Reforming Retail

All of Retail’s Problems Are Already Solved. So Why Don’t Retailers Use The Solutions?

Most outsiders scratch their heads when getting into retail.

“How is that still a problem in retail? That was solved 84 years ago in XYZ vertical.”

This dangerously leads to thinking that solving that problem, since its ROI is so proven, is just a matter of education.

“It’s so obvious… there are millions of retailers, the ROI is clear, and it’s already been done before elsewhere. Gimme moneez.”

There have never been more wasted dollars than there have been in chasing this line of thinking in retail.

You need to understand the concept of Chesterton’s fence, which says that before making a change, understand why those changes don’t yet exist.

This is the dilemma for retail.

Sans ecommerce, which is killing the incumbent retailers that can’t innovate, retail has made trivial progress relative to other industries, and it will continue to fall further behind until there’s an impossibly large demographic shift in the types of people who run and manage retail establishments.

And “demographics” is a cute euphemism for intelligence.

Let’s list the common problems we hear in retail.

  1. We can’t control labor costs
  2. We can’t control inventory costs
  3. We don’t know how to run marketing
  4. We don’t know if marketing works

The math on forecasting has gotten incredibly good.

Tools like PredictHQ aggregate localized event data to understand demand drivers.

Every cloud provider now offers machine learning forecasting models.

Cloud POS systems enable easy reconciliation on quantities ordered and required servers.

Machine vision tools are staying on top of inventory levels.

Great excuses, but solutions exist.

Next we get to hear gripes about marketing frustrations.

Virtually every consumer is trackable by their credit card.

Targeting people based upon their purchase history is no longer an issue.

Furthermore, probabilistically determining campaign ROI is not a challenge either: probability density function at 1-1 records then further comparing this against competitors and their spend is knowable.

All this shit has been solved.

So why don’t retailers use it?

Because they refuse to pay for value.

Retailers really struggle to understand ROI.

So the only way to make money in retail is to take dollars from retailers in payments fees or through hostage-like monopolies.

That’s because there’s a massive asymmetry in value in retail:

Retail vendors must produce unreasonable ROIs.

Not a 3:1 or 4:1 ROI, but a 1,000:1 ROI.

Google or Facebook ads charge ~25% of the value generated, but a tool that increases a retailer’s EBITDA by 50%? That should be free according to retailers.

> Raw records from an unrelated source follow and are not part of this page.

lemma partial_gform:
  assumes p: "p \<in> U"
    and X: "\<And>k. (\<lambda>q. X q $ k) differentiable (at p)"
    and Y: "\<And>k. (\<lambda>q. Y q $ k) differentiable (at p)"
  shows "partial l (\<lambda>q. gform g q (X q) (Y q)) p
       = gform g p (levi_civita g (axis l 1) X p) (Y p) + gform g p (X p) (levi_civita g (axis l 1) Y p)"
proof -
  define C dG :: "real^'m^'m"
    where "C = (\<chi> k j. christoffel g p k l j)" and "dG = (\<chi> i j. partial l (\<lambda>q. g q $ i $ j) p)"
  define dX dY :: "real^'m"
    where "dX = (\<chi> k. partial l (\<lambda>q. X q $ k) p)" and "dY = (\<chi> k. partial l (\<lambda>q. Y q $ k) p)"
  have levi_civita: "levi_civita g (axis l 1) X p = dX + C *v X p"
      "levi_civita g (axis l 1) Y p = dY + C *v Y p"
    by (simp_all add: vec_eq_iff levi_civita_axis C_def dX_def dY_def matrix_vector_mult_def)
  have dgY: "(\<lambda>q. \<Sum>j\<in>UNIV. g q $ i $ j * Y q $ j) differentiable (at p)" for i
    using differentiable_g[OF p] Y by (auto intro!: differentiable_sum differentiable_mult)
  have "partial l (\<lambda>q. \<Sum>j\<in>UNIV. g q $ i $ j * Y q $ j) p = (dG *v Y p + g p *v dY) $ i" for i
    using differentiable_g[OF p] Y
    by (simp add: partial_sum partial_mult sum.distrib dG_def dY_def matrix_vector_mult_def)
  then have "partial l (\<lambda>q. gform g q (X q) (Y q)) p = dX \<bullet> (g p *v Y p) + X p \<bullet> (dG *v Y p + g p *v dY)"
    using X dgY
    by (simp add: gform_def inner_vec_def matrix_vector_mult_def partial_sum partial_mult
        sum.distrib distrib_left dX_def)
  moreover have "dG = g p ** C + transpose (g p ** C)"
    by (simp add: vec_eq_iff dG_def C_def partial_g_eq_christoffel[OF p] matrix_matrix_mult_def transpose_def)
  moreover have "X p \<bullet> (transpose (g p ** C) *v Y p) = (C *v X p) \<bullet> (g p *v Y p)"
  proof -
    have "transpose (g p ** C) *v Y p = transpose C *v (g p *v Y p)"
      by (simp only: matrix_transpose_mul transpose_g[OF p] matrix_vector_mul_assoc)
    then show ?thesis
      by (simp only: dot_lmul_matrix[symmetric] vector_transpose_matrix)
  qed
  ultimately show ?thesis
    by (simp add: levi_civita gform_def inner_add_left inner_add_right matrix_vector_mult_add_rdistrib
        matrix_vector_right_distrib matrix_vector_mul_assoc)
qed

Here’s an honest-to-God conversation that happens between retailers and potential vendors.

Vendor: Invests years on expensive data science and product: I can tell you what’s wrong with your business and what it’s worth to fix it. It will make/save you $X over the next 3 months.

Retailer: It’s not actionable enough. I need quick advice.

Vendor: Then why do you have employees? Aren’t they being paid to make these changes?

Retailer: Says a lot of nonsense and vendor realizes that nobody on the retailer’s payroll, including the c suite, is smart enough to make rational decisions

Vendor: Invests further in making solution actionable. Here: this is precisely what you have to do.

Retailer: No, no. You need to implement the solution automatically for me.

Vendor: And you’ll pay what for these services?

Retailer: Nothing.

Vendor: Okay we’ll run a pilot. Pilot generates 20% sales lift. Okay I generated $100,000 in new sales. Pay me 25%. How did I come up with this fee? You pay Google for an implied 4:1 ROAS even though you can’t and don’t measure any of it.

Retailer: Glosses over the fact that they didn’t graduate high school because algebra was #fakenews. All these customers were going to come to me anyway. I earned all $100,000 on my own. I know all about this fancy “data science” and pretty much have 17 PhDs.

This graphic shows how ridiculous this really is.

The vendor, represented in green, is constantly moving around the wheel trying to innovate while the retailer, in red, looks for every possible reason to avoid improvement.

It’s a total waste of time.

Why put yourself through this hassle?

It would seem to us that smart vendors haven’t.

Look at the links we posted above.

PredictHQ is powering solutions for a ton of tech companies.

Those AI forecasting libraries are being used by people who can spell AI (i.e. not retailers).

Machine vision for inventory? Try every industry BUT retail that’s using it: healthcare, manufacturers, distributors, ecommerce (not part of legacy retail).

There are plenty of other industries that not only pay for value, but are grateful for your assistance.

Retail “executives” don’t have the self-awareness to understand that a 22 year old in finance makes more money they do because the free market says they’re more valuable.

Maybe instead of pushing these vendors out you should try to learn something from them?

Heaven forbid someone with an IQ above 75 points might know something you don’t.

Retailers have no excuse for their problems.

In fact, they are the reason for their problems.

But then again if retailers behaved rationally we wouldn’t have Dunning-Kruger train wrecks that make us question the longevity of the human species.

At least retail is giving us entertainment value.